福康郡主看着她溃烂的手,想问她这是怎么回事,可她还没来得及开口问,便听见朱凝眉继续说:“李穆口口声声说着爱朱雪梅,却连他最爱的女人都会认错!这世上难道还有比他更可笑的人吗?”
朱凝眉嘲讽李穆,笑得忘了手上的伤,兴奋得用手去拍桌子,却因十指连心的疼,疼得差点摔倒,好在福康郡主将她扶住。
“二小姐,你的手,该请太医来为你看一下。”
“李穆巴不得我死在这里,怎会给我请太医呢?郡主,你先回去吧,我绝对不会向他服软的。”
福康郡主出了安宁宫,便将朱凝眉手受伤的事,告诉了舒奕。
舒奕立即请了太医去给朱凝眉诊治。
李穆从城外回来时,舒奕带着太医一起向他禀报朱凝眉手受伤的事。
章忠抬眸,碰到李穆瞥过来的眼神,浑身冰凉,吓得腿软,差点跪在地上。
朱凝眉的手受伤了?章忠倒是不曾留意过她的手。他日日警惕着自己别犯错,别有把柄落在李穆手里,谁知这回竟然犯了大错。

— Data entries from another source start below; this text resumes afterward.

(* Let $d\in\mathbb{N}$, $R\in(0,\infty]$, and let $\varphi\colon[0,R)\to\mathbb{R}$ be strictly increasing and convex on $[0,R)$. Let $\mathring{B}^{(d)}_R=\{x\in\mathbb{R}^d : |x|<R\}$ (so $\mathring{B}^{(d)}_\infty=\mathbb{R}^d$) and define $\rho\colon \mathring{B}^{(d)}_R\to(0,\infty)$ by $\rho(x)=\exp(-\varphi(|x|))$. Let $U_\rho$ be the simple slice sampling transition kernel of $\rho$. Then for all $x,y\in\mathring{B}^{(d)}_R$, \[ W\big(U_\rho(x,\cdot),U_\rho(y,\cdot)\big)\le\Big(1-\frac{1}{d+1}\Big)\,\big|\,|x|-|y|\,\big|. \]
   Context: $|\cdot|$ is the Euclidean norm and $\lambda_d$ is $d$-dimensional Lebesgue measure. For an unnormalized density $\rho\colon G\to(0,\infty)$ on $G\subseteq\mathbb{R}^d$, the level sets are $G(t)=\{x\in G:\rho(x)\ge t\}$ for $t>0$, $U_t$ denotes the uniform distribution on $G(t)$, i.e. $U_t(A)=\lambda_d(A\cap G(t))/\lambda_d(G(t))$, and the simple slice sampling kernel is $U_\rho(x,A)=\frac{1}{\rho(x)}\int_0^{\rho(x)}U_t(A)\,\mathrm{d}t$ for $x\in G$, $A\in\mathcal{B}(G)$ (one step: draw $t$ uniformly in $[0,\rho(x)]$, then draw the next state uniformly on $G(t)$). For probability measures $\mu,\nu$ on $G$, the Wasserstein distance is $W(\mu,\nu)=\inf_{\gamma}\int_{G\times G}|x-y|\,\mathrm{d}\gamma(x,y)$, the infimum over all couplings $\gamma$ of $\mu$ and $\nu$ (measures on $G\times G$ with marginals $\mu$ and $\nu$). *)

theory Defs
  imports "HOL-Probability.Probability"
begin

definition open_ball_R :: "ereal \<Rightarrow> ('a::euclidean_space) set" where
  "open_ball_R R = {x. ereal (norm x) < R}"

definition level_set :: "'a set \<Rightarrow> ('a \<Rightarrow> real) \<Rightarrow> real \<Rightarrow> 'a set" where
  "level_set G \<rho> t = {x \<in> G. \<rho> x \<ge> t}"

definition unif_level :: "('a::euclidean_space) set \<Rightarrow> ('a \<Rightarrow> real) \<Rightarrow> real \<Rightarrow> 'a measure" where
  "unif_level G \<rho> t = uniform_measure lborel (level_set G \<rho> t)"

definition slice_kernel :: "('a::euclidean_space) set \<Rightarrow> ('a \<Rightarrow> real) \<Rightarrow> 'a \<Rightarrow> 'a measure" where
  "slice_kernel G \<rho> x = measure_of UNIV (sets borel)
     (\<lambda>A. ennreal (1 / \<rho> x) * (\<integral>\<^sup>+ t \<in> {0..\<rho> x}. emeasure (unif_level G \<rho> t) A \<partial>lborel))"

definition couplings :: "('a::euclidean_space) measure \<Rightarrow> 'a measure \<Rightarrow> ('a \<times> 'a) measure set" where
  "couplings \<mu> \<nu> = {\<gamma>. sets \<gamma> = sets (borel \<Otimes>\<^sub>M borel) \<and>
       distr \<gamma> borel fst = \<mu> \<and> distr \<gamma> borel snd = \<nu>}"

definition wasserstein :: "('a::euclidean_space) measure \<Rightarrow> 'a measure \<Rightarrow> ennreal" where
  "wasserstein \<mu> \<nu> = (INF \<gamma> \<in> couplings \<mu> \<nu>. \<integral>\<^sup>+ z. ennreal (dist (fst z) (snd z)) \<partial>\<gamma>)"

end

theory Submission
  imports Defs
begin

text \<open>Every level set of \<open>\<rho> x = exp (- \<phi> \<bar>x\<bar>)\<close> is a centred ball up to its boundary
  sphere, of radius \<open>level_radius (- ln t)\<close>. Writing the level as \<open>t = \<rho> x * \<tau>\<close> with \<open>\<tau>\<close>
  uniform on \<open>(0, 1)\<close>, one step of the sampler from \<open>x\<close> is
  \<open>level_radius (\<phi> \<bar>x\<bar> - ln \<tau>) *\<^sub>R u\<close> with \<open>u\<close> uniform on the unit ball. Using the same
  \<open>(\<tau>, u)\<close> for \<open>x\<close> and \<open>y\<close> couples the two steps. Since the increments of the convex \<open>\<phi>\<close>
  grow, \<open>r \<mapsto> level_radius (\<phi> r + w)\<close> is 1-Lipschitz for \<open>w \<ge> 0\<close>, so the coupled points are at
  distance at most \<open>\<bar>\<bar>x\<bar> - \<bar>y\<bar>\<bar> * \<bar>u\<bar>\<close>, and \<open>\<bar>u\<bar>\<close> has mean \<open>d / (d + 1)\<close>.\<close>

lemma convex_on_increment_mono:
  fixes f :: "real \<Rightarrow> real"
  assumes f: "convex_on S f" and S: "a \<in> S" "b + h \<in> S" and "a \<le> b" "0 \<le> h"
  shows "f (a + h) - f a \<le> f (b + h) - f b"
proof (cases "a = b + h")
  case True
  with assms have "a = b" "h = 0" by auto
  then show ?thesis by simp
next
  case False
  then have L: "b + h - a > 0" using assms by linarith
  define \<mu> where "\<mu> = h / (b + h - a)"
  have \<mu>: "0 \<le> \<mu>" "\<mu> \<le> 1" using L assms by (auto simp: \<mu>_def field_simps)
  have "\<mu> * (b + h - a) = h" using L by (simp add: \<mu>_def)
  then have ah: "(1 - \<mu>) * a + \<mu> * (b + h) = a + h"
    and b: "(1 - (1 - \<mu>)) * a + (1 - \<mu>) * (b + h) = b"
    by (simp_all add: algebra_simps)
  have "f (a + h) \<le> (1 - \<mu>) * f a + \<mu> * f (b + h)"
    using convex_onD[OF f, of \<mu> a "b + h"] \<mu> S by (simp add: ah)
  moreover have "f b \<le> (1 - (1 - \<mu>)) * f a + (1 - \<mu>) * f (b + h)"
    using convex_onD[OF f, of "1 - \<mu>" a "b + h"] \<mu> S by (simp only: b real_scaleR_def)
  ultimately show ?thesis by (simp add: algebra_simps)
qed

李穆叮嘱他好好照顾朱凝眉,可他却连朱凝眉手上的伤口溃烂了的不知道。李穆虽然不去见朱凝眉,心里却不曾想过要亏待她。
若朱凝眉的手保不住,章忠担心他的命也保不住。
好在太医给朱凝眉看过伤口后,说只要她按时服药,就不会有大碍。
太医禀报完毕,舒奕便领着他出去了。
殿内只剩下李穆和章忠。李穆脸色不好,章忠不敢轻易说话,怕触怒了他。
章忠还记得五年前,李穆与朱凝眉和离时,他把自己关在房间里,成日饮酒。
所有的伤心汇聚在他眼底,仿佛汹涌的暗流席卷而来,带着势不可挡的力量要吞没所有一切。
后来李穆娶了夏芍,生了小世子,才渐渐好了起来,虽然他依旧神情阴鸷,形容可怖,无人不怕他。可是就这样一个看起来无情无义的李穆,除了章忠,还有谁知道他爱一个人的时候却会竭尽所有爱意!
李穆是个有能力的人,但凡他生出点野心,小皇帝陆憺屁股底下的龙椅,李穆唾手便可得。但李穆不愿意去夺,他对先皇忠心耿耿,对太后有着虔诚的报恩之心。
一开始,李穆对太后尊之爱之,也起过占有之心。可是平心而论,若非朱凝眉假扮太后,刻意纵容李穆倾诉出满腔爱意,李穆又怎会一步步沦陷,爱得如此深切?
章忠第一次看见假太后时,心里也犯了嘀咕,这姊妹俩怎么长得如此相似。
但章忠已经五年没见过朱凝眉,记不清楚她的具体模样。从前虽然见过几面,却也不敢仔细盯着她打量。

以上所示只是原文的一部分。